All Products
Search
Document Center

ApsaraDB for SelectDB:Import data by using DataX

Last Updated:Jun 21, 2024

This topic describes how to use DataX Doris Writer to synchronize data to an ApsaraDB for SelectDB instance.

Overview

DataX is an open source tool that is provided by Alibaba Group for offline synchronization between disparate data sources, including relational databases such as MySQL and Oracle, Hadoop Distributed File System (HDFS), Hive, MaxCompute, HBase, and FTP. DataX provides stable and efficient data synchronization capabilities. You can use DataX to read data from upstream data sources and then use DataX Doris Writer to write data to ApsaraDB for SelectDB.

Prerequisites

  • A Maven environment is installed.

  • Python 3.6 or later is installed.

Example

The following example shows how to import data from a MySQL database to an ApsaraDB for SelectDB instance by using DataX in Linux.

Step 1: Configure a DataX environment

  1. Download the DataX package.
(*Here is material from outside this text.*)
(* $\mathsf{sjfCQ}(\mathsf{TI}_{\mathsf{fin}})=\mathsf{CQ}(\mathsf{TI}_{\mathsf{fin}})=\mathsf{UCQ}(\mathsf{TI}_{\mathsf{fin}})$.
   Context: Fix a countably infinite universe $U$. A database schema is a finite nonempty set of relation symbols with arities; facts are $R(u_1,\dots,u_{\mathrm{ar}(R)})$ with $u_i\in U$; an instance is a finite set of facts; $\mathrm{adom}(D)$ is the set of elements of $U$ occurring in $D$. A probabilistic database (PDB) is a discrete probability space $(\mathbb D,P)$ with $\mathbb D$ a nonempty countable set of instances; it is finite if $\mathbb D$ is finite. A PDB is tuple-independent if for all pairwise distinct facts $f_1,\dots,f_k$, $\Pr(f_1\in I,\dots,f_k\in I)=\prod_i\Pr(f_i\in I)$; $\mathsf{TI}_{\mathsf{fin}}$ is the class of finite tuple-independent PDBs. Formulas use relational atoms $R(\bar u)$ ($\bar u$ variables or constants) and equality atoms and are evaluated under active domain semantics. A conjunctive query (CQ) is built from atoms using only $\exists,\wedge$; it is self-join free (sjfCQ) if each relation symbol occurs at most once; a union of conjunctive queries (UCQ) is built using only $\exists,\wedge,\vee$. An $\mathsf L$-view consists of one $\mathsf L$-formula $\Phi_R(x_1,\dots,x_{\mathrm{ar}(R)})$ per output relation $R$, mapping $D$ to the instance of all $R(\bar a)$ with $\bar a$ over $\mathrm{adom}(D)\cup\mathrm{adom}(\Phi_R)$ and $D\models\Phi_R[\bar a]$. The image of a PDB $(\mathbb D,P)$ under a view $V$ is the PDB on $V(\mathbb D)$ with $P'(\{D'\})=P(\{D:V(D)=D'\})$; $\mathsf L(\mathsf{TI}_{\mathsf{fin}})$ is the class of images of finite TI-PDBs under $\mathsf L$-views. *)

theory Defs
  imports "HOL-Probability.Probability"
begin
For more information, visit doris at GitHub.

  2. Run the init-env.sh script in the DataX package to configure the DataX development environment.

    sh init-env.sh
  3. Compile the mysqlreader and doriswriter plug-ins.

    1. Compile the DataX project.

      cd DataX/
      mvn package assembly:assembly -Dmaven.test.skip=true

      The compilation results are stored in the target/datax/datax/. directory.

      Note

      If you want to use the hdfsreader, hdfswriter, ossreader, and osswriter plug-ins, additional JAR packages are required. If you do not need these plug-ins, you can remove the modules of these plug-ins from the DataX/pom.xml file.

    2. Separately compile the mysqlreader and selectdbwriter plug-ins.

      mvn clean install -pl plugin-rdbms-util,mysqlreader,doriswriter -DskipTests

Step 2: Generate the data to be imported

  1. Create a test MySQL table.

    CREATE TABLE `employees` (
      `emp_no` int NOT NULL,
      `birth_date` date NOT NULL,
      `first_name` varchar(14) NOT NULL,
      `last_name` varchar(16) NOT NULL,
      `gender` enum('M','F') NOT NULL,
      `hire_date` date NOT NULL,
      PRIMARY KEY (`emp_no`)
    ) ENGINE=InnoDB DEFAULT CHARSET=utf8mb3
  2. Use Data Management (DMS) to generate test data. For more information, see Generate test data.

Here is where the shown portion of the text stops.